▶ **DATASET RECORDS**:
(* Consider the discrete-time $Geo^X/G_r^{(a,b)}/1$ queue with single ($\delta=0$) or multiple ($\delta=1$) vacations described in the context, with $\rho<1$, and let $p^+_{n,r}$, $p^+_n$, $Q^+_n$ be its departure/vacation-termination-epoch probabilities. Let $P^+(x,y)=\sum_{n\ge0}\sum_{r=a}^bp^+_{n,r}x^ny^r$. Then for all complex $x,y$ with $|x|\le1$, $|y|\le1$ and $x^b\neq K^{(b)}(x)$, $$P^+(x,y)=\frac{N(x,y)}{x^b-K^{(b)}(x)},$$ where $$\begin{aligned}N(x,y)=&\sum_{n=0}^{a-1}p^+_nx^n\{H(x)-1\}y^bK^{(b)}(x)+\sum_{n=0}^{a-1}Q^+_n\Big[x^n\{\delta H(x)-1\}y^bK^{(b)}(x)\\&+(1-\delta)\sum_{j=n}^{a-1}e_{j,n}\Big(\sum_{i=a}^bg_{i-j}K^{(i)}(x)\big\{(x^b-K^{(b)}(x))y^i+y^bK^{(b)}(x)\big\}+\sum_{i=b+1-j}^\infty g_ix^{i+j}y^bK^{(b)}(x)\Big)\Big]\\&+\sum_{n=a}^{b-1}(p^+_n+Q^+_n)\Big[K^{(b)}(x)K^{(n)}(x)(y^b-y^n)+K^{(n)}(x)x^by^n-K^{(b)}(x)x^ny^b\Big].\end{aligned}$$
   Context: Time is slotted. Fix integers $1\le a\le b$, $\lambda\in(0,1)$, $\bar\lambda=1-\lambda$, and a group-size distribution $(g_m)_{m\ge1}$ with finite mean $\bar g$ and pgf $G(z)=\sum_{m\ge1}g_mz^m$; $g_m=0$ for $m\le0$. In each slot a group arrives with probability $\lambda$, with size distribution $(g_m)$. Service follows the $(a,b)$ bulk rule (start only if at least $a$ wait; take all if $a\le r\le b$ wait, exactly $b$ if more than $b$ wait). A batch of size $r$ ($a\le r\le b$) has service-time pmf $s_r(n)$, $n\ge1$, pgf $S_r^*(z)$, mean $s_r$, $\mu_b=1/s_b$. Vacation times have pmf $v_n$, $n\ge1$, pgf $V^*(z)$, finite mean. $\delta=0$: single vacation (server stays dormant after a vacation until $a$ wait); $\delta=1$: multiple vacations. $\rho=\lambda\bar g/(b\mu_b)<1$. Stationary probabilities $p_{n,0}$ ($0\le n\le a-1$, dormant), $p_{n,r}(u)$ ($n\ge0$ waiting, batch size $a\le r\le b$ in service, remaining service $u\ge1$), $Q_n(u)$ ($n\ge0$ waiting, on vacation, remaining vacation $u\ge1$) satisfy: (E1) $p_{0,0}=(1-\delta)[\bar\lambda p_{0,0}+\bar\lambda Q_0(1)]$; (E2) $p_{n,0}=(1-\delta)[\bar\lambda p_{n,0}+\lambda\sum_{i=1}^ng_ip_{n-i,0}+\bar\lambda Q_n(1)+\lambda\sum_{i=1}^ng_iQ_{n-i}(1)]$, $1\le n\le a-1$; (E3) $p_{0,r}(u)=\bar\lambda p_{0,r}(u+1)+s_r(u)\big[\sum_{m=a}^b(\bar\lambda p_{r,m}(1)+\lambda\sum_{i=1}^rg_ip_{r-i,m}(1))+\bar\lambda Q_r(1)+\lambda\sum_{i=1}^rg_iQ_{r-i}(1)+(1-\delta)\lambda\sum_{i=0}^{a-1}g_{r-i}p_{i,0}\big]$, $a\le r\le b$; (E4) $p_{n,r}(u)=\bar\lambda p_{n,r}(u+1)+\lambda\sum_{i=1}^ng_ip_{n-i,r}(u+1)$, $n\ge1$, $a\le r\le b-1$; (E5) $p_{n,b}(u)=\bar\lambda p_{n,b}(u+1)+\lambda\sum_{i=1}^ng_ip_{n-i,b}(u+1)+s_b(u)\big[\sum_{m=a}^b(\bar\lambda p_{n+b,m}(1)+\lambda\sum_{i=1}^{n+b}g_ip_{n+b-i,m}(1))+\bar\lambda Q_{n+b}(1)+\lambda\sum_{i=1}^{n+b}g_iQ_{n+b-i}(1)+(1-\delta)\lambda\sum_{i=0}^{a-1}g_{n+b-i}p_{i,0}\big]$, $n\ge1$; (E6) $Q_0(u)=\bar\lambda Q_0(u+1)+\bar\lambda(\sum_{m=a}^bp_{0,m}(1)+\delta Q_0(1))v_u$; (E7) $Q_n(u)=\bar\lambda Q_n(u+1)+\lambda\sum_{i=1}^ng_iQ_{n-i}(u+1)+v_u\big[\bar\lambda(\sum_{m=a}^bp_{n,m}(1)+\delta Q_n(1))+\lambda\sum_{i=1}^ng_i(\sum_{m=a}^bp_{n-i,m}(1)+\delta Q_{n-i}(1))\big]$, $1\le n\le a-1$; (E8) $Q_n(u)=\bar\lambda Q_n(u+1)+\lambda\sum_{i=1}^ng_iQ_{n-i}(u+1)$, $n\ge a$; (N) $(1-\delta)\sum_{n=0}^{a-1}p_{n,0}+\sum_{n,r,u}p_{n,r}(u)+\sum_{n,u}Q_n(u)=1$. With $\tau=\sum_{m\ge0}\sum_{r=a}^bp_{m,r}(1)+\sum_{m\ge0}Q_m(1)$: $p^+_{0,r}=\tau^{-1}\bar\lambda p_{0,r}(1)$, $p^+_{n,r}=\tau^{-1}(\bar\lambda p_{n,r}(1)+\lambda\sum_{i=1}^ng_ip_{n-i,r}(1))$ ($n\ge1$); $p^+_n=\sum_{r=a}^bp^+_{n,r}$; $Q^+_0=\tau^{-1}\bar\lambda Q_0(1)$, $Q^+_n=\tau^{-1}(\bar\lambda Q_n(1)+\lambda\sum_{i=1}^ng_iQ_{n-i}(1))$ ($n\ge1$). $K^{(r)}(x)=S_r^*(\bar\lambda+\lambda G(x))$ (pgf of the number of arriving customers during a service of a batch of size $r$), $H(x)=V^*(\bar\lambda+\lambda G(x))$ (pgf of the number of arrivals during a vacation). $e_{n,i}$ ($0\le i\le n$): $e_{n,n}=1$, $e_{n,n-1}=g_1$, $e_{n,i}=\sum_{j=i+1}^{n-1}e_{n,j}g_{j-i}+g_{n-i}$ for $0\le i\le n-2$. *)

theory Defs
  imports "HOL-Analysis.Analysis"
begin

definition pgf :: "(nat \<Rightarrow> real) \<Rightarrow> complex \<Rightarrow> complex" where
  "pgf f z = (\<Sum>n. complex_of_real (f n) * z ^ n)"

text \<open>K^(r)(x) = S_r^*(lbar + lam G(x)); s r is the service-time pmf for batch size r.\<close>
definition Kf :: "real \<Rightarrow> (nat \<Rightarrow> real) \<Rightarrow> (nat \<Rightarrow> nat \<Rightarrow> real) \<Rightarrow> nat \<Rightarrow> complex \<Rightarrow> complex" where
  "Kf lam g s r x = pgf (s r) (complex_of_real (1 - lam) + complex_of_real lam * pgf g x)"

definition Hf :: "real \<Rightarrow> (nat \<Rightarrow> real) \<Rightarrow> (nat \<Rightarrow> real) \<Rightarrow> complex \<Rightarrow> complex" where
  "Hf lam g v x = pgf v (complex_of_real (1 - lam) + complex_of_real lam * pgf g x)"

==

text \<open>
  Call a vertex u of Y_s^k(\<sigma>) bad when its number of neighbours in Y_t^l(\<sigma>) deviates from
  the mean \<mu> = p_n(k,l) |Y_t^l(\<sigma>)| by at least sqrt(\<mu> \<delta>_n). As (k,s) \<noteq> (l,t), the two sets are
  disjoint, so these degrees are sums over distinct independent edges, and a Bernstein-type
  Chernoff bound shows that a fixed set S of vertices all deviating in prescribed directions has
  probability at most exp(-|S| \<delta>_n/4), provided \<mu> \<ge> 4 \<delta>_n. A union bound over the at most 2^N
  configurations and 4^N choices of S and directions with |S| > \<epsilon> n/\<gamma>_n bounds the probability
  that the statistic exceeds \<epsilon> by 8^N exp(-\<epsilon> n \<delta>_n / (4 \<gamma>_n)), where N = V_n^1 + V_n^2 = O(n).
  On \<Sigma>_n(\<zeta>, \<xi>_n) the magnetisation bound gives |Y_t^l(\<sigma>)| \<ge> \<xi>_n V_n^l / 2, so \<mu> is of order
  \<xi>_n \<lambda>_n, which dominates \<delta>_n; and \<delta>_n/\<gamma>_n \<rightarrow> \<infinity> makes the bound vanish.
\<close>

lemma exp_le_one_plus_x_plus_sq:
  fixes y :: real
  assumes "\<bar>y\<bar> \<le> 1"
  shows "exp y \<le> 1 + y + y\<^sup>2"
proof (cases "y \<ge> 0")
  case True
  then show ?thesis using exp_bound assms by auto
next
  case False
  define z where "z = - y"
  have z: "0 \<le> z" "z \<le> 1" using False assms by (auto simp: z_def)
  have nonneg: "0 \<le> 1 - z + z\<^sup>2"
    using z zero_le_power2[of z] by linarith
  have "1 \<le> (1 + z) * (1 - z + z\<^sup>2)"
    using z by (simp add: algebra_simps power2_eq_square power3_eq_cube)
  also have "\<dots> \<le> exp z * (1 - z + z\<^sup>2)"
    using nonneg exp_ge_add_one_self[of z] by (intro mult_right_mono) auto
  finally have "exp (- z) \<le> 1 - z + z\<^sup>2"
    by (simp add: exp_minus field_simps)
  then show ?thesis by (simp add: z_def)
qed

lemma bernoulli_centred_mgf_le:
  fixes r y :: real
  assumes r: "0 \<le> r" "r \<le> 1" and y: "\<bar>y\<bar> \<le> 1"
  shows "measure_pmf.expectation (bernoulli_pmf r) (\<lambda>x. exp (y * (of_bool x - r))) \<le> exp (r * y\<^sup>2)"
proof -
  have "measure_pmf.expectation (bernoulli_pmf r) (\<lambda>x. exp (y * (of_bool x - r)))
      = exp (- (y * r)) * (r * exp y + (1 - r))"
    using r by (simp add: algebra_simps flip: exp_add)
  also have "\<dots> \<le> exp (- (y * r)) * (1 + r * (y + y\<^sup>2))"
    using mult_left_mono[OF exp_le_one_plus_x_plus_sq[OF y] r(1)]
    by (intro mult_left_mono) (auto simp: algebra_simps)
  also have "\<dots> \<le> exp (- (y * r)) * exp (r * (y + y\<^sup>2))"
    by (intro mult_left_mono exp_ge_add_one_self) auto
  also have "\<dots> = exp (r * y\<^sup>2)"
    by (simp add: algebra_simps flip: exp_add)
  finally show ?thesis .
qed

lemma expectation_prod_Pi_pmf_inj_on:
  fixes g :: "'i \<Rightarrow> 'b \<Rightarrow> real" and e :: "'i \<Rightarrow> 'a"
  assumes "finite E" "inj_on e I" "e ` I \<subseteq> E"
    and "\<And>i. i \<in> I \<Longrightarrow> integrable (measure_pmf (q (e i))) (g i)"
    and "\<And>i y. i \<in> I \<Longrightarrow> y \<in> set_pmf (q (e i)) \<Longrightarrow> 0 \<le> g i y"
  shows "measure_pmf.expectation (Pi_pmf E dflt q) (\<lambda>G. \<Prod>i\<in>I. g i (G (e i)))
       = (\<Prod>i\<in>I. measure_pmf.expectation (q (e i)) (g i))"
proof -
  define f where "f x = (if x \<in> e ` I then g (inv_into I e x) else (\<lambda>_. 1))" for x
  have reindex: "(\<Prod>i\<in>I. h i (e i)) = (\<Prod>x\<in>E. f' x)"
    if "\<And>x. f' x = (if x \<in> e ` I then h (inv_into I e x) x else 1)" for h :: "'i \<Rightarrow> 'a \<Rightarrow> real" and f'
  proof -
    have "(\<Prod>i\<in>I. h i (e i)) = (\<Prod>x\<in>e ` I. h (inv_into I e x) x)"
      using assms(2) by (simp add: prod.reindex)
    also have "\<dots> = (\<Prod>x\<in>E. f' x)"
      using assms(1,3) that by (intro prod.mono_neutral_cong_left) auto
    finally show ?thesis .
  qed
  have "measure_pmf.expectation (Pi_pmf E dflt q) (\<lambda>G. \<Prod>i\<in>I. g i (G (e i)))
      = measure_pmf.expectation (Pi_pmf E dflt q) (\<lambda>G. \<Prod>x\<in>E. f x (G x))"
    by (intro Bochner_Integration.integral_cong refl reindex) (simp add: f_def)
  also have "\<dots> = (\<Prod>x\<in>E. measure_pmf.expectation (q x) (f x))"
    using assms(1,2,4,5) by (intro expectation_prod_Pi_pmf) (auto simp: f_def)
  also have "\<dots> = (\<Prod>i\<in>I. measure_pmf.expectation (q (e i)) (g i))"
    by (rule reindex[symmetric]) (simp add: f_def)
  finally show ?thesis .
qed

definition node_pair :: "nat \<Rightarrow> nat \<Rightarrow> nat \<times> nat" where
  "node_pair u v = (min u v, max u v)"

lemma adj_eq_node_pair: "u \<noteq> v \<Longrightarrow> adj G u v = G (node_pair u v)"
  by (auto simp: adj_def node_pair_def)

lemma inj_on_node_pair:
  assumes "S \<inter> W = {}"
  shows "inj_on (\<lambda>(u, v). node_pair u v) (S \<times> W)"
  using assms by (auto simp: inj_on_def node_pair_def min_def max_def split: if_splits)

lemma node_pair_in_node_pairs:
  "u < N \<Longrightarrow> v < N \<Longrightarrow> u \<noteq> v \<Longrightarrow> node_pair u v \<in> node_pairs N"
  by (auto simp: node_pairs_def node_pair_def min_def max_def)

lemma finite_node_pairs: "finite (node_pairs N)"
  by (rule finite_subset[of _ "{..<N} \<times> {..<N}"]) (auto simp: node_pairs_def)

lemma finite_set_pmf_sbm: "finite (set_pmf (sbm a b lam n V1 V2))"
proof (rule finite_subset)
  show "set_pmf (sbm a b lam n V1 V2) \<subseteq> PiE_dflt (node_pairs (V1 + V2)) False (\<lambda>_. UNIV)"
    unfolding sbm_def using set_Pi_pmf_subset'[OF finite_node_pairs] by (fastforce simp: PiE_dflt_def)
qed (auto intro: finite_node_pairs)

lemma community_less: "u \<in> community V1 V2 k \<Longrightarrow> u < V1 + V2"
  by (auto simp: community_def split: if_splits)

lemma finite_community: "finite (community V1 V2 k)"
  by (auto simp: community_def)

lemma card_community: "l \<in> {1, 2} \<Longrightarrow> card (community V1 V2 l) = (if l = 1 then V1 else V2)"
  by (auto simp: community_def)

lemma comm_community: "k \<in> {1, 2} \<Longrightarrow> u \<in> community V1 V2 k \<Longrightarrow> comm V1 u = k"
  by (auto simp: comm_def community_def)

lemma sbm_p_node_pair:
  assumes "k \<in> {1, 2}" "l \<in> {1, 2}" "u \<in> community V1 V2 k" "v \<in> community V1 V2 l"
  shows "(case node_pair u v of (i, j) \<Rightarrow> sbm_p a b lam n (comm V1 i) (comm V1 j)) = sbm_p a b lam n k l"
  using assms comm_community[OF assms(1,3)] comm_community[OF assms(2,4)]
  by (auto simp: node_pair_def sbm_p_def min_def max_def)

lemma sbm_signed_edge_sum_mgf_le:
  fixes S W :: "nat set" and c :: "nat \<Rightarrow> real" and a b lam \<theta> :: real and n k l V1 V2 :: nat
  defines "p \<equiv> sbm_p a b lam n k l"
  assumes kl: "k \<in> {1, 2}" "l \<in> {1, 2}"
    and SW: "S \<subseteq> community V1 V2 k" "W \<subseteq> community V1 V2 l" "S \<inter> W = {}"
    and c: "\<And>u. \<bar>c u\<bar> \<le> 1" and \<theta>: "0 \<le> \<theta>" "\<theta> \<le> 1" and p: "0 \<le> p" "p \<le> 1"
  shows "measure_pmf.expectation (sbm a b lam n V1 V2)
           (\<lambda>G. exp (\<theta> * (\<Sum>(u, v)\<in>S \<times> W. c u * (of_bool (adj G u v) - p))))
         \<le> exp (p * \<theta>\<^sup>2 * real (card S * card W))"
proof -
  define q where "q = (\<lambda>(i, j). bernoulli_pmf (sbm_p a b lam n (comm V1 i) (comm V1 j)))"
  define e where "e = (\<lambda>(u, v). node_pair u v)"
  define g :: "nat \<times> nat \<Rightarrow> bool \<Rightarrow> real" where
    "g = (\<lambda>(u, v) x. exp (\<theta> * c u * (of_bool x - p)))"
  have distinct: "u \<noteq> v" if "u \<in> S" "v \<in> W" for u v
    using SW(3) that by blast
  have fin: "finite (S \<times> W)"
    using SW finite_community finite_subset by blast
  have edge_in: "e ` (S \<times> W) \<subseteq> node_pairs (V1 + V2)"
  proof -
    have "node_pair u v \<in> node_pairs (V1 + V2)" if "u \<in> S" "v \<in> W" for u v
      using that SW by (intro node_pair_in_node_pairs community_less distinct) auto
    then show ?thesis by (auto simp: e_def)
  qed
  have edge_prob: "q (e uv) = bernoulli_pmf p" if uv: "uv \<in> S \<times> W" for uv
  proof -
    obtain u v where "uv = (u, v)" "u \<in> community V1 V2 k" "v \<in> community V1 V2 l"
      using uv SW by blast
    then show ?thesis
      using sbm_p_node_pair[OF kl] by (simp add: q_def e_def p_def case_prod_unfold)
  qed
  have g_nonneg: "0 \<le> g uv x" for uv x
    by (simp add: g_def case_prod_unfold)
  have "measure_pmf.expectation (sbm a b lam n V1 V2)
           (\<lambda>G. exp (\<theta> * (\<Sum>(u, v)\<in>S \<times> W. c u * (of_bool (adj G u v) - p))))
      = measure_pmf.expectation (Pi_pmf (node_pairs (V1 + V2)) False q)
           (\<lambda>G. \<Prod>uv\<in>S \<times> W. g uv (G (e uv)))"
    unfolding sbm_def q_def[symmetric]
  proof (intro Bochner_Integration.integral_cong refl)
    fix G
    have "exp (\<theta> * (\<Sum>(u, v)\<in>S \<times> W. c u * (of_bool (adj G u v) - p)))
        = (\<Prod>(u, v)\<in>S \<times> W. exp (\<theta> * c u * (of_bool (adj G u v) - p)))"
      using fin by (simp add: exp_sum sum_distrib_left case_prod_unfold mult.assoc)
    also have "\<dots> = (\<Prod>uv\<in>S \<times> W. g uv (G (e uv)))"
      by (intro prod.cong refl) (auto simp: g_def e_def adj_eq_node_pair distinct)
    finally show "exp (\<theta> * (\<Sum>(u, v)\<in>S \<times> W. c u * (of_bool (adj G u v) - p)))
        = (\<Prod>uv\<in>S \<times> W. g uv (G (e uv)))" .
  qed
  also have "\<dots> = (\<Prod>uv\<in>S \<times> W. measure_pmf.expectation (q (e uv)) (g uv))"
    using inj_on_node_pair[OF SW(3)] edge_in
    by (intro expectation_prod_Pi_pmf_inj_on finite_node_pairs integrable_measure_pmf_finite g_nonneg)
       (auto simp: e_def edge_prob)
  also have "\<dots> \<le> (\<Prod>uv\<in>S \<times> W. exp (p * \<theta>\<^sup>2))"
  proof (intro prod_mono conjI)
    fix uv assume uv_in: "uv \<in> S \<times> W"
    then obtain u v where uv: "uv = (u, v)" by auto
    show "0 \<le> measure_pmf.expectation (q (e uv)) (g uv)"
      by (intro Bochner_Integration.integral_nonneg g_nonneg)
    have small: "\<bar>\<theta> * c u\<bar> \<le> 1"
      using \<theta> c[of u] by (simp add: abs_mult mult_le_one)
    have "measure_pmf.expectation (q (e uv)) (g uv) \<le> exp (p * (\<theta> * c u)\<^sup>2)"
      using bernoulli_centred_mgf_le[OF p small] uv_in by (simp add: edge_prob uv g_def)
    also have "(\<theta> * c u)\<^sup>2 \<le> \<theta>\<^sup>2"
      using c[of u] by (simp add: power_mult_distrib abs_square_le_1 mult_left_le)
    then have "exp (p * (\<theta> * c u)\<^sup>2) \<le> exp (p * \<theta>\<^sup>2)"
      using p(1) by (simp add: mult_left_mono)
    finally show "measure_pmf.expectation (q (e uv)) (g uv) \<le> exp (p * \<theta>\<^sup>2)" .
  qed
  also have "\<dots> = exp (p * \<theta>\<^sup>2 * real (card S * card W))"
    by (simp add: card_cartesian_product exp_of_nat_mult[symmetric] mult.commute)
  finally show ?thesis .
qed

▶ **INSTRUCTIONS TO FOLLOW**: This exercise requires the lines of the entries containing the string "refl".

▶ **TASK ANSWER**:
    by (intro Bochner_Integration.integral_cong refl reindex) (simp add: f_def)
  proof (intro Bochner_Integration.integral_cong refl)
      by (intro prod.cong refl) (auto simp: g_def e_def adj_eq_node_pair distinct)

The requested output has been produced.